* [EXERCISE DIRECTIONS]
Within the material below, how many lines carry the word "langle"? State only the number.

* [INFORMATION SHOWN]

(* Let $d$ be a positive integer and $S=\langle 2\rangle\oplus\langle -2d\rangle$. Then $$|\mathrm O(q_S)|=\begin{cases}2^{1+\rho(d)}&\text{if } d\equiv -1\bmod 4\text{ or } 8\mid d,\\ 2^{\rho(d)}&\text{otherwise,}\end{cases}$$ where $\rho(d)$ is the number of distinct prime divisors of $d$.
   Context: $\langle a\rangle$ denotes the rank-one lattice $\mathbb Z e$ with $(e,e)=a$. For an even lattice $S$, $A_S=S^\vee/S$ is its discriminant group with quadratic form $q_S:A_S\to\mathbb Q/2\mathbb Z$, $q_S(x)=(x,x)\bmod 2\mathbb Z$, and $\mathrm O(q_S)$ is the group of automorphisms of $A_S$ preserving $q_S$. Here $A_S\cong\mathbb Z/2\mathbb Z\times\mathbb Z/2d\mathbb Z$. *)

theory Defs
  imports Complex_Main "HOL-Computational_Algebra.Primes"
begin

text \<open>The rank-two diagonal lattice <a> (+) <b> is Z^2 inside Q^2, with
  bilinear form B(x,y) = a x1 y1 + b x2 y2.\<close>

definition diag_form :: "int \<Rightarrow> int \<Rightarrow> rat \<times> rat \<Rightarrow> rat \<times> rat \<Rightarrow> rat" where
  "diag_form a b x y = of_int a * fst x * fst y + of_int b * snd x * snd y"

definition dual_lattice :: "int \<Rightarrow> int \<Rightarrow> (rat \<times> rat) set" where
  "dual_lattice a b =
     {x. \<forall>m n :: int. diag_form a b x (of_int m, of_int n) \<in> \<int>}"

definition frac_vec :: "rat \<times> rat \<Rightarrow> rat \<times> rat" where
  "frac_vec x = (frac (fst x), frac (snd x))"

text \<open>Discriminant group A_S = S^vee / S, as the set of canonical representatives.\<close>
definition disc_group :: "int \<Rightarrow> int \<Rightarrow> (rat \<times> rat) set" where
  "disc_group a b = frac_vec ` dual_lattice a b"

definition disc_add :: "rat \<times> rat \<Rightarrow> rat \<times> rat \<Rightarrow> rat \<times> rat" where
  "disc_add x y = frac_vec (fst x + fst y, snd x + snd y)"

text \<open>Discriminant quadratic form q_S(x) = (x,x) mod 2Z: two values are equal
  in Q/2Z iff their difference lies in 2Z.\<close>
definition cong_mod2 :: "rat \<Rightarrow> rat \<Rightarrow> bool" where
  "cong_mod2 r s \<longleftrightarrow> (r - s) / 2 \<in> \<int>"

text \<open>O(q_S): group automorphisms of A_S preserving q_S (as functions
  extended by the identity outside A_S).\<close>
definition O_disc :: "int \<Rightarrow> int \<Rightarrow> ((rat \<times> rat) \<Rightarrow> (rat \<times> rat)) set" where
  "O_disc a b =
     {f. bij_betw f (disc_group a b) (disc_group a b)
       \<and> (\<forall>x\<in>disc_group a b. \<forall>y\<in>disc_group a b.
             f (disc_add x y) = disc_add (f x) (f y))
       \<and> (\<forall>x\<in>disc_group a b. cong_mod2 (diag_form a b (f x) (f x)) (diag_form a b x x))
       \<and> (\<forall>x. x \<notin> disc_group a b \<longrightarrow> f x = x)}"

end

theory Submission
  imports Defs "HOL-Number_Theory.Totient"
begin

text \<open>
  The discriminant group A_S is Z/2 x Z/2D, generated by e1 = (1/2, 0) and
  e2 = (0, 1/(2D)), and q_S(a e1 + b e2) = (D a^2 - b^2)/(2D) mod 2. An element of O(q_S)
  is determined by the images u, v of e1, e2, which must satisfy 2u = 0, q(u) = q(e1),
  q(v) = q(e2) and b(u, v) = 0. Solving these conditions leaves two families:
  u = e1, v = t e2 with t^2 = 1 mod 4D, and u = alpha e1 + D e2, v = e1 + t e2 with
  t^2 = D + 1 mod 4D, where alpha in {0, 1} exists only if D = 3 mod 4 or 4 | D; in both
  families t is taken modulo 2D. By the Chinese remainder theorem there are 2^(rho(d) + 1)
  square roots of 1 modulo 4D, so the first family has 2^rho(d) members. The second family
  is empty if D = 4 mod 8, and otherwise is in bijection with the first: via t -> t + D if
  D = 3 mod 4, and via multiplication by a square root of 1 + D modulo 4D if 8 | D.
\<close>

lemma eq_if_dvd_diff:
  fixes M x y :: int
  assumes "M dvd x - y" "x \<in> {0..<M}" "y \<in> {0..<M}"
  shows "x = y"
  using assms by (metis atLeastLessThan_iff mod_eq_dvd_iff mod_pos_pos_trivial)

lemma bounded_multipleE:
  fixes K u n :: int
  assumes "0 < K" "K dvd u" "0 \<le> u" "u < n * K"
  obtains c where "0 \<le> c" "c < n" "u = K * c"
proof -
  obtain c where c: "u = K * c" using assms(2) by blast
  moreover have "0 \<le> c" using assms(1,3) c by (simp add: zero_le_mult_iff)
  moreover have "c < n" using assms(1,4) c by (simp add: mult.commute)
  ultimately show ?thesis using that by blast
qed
--
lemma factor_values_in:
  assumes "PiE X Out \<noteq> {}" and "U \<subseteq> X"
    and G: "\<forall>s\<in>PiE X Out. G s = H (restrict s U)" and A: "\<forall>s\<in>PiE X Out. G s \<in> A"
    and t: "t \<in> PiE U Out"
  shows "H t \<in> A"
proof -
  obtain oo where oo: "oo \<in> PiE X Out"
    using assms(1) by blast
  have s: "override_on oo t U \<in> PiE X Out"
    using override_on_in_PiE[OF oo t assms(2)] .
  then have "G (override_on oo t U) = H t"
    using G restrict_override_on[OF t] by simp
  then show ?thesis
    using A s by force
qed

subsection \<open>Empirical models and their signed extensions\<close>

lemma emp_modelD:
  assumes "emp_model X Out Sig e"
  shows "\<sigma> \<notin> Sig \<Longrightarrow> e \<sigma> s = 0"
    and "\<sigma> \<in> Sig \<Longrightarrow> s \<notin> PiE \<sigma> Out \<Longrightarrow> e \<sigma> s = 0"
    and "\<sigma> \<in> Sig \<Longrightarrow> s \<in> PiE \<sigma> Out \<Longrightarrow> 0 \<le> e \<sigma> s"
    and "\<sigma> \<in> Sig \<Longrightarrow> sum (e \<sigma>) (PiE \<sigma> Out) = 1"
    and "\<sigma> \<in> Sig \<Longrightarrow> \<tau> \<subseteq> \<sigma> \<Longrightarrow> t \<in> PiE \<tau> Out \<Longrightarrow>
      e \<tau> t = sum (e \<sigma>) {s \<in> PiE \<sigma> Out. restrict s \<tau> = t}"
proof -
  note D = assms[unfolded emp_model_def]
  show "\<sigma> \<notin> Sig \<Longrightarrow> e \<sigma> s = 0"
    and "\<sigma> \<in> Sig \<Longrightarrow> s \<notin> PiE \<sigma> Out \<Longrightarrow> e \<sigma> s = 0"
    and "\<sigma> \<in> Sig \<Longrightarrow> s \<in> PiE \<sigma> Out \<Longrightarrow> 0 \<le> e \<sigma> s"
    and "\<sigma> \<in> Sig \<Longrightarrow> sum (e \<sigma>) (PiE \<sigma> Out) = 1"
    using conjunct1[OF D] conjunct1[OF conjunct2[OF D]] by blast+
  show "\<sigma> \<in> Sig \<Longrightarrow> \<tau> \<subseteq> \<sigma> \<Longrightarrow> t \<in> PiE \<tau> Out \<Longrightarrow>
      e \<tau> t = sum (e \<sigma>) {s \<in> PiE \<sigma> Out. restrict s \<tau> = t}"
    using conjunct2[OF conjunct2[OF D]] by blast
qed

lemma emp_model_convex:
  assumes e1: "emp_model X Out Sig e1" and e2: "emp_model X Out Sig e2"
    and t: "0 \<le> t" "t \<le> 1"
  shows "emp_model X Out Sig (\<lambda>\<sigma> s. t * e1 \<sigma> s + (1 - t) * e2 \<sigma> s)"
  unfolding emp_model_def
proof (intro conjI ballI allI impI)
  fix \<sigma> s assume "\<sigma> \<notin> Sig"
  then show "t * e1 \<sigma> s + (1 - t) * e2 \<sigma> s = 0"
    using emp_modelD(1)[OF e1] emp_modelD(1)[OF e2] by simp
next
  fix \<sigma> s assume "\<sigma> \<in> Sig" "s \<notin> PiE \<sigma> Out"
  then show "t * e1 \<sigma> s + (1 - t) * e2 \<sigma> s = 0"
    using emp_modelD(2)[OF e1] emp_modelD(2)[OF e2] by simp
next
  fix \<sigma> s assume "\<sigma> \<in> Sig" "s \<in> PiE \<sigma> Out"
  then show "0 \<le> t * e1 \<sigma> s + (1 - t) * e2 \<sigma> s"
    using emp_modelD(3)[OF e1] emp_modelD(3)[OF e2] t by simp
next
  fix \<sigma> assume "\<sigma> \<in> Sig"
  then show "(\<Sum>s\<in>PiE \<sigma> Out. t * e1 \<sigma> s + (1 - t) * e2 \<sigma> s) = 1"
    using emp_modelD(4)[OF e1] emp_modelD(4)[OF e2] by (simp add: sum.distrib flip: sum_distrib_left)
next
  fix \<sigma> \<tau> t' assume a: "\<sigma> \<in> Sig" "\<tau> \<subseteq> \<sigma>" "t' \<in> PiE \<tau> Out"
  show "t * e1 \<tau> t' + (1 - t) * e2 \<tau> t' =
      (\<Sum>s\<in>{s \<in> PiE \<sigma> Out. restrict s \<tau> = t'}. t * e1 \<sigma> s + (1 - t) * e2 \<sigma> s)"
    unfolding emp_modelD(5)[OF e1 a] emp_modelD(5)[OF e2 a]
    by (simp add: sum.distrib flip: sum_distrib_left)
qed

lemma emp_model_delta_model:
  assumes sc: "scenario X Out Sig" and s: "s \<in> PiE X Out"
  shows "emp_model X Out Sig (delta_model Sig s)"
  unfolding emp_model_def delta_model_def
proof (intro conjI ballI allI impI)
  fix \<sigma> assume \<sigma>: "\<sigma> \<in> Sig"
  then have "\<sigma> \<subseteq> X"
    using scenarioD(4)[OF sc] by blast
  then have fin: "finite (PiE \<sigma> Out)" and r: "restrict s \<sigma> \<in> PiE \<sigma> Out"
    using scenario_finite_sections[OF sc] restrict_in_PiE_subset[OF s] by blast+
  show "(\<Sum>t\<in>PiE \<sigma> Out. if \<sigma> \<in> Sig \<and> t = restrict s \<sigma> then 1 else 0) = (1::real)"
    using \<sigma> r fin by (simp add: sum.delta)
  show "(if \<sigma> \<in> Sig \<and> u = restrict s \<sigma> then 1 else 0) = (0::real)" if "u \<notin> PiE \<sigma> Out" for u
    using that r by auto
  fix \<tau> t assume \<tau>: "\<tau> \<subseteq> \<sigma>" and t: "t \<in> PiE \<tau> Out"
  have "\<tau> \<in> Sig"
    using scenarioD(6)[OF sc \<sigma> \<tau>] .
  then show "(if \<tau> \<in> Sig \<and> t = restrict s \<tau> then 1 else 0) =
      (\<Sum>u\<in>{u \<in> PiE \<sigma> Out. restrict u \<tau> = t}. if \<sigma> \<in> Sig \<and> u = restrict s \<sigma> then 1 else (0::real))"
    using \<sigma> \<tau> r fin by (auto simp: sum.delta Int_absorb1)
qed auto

* [EXERCISE ANSWER]
2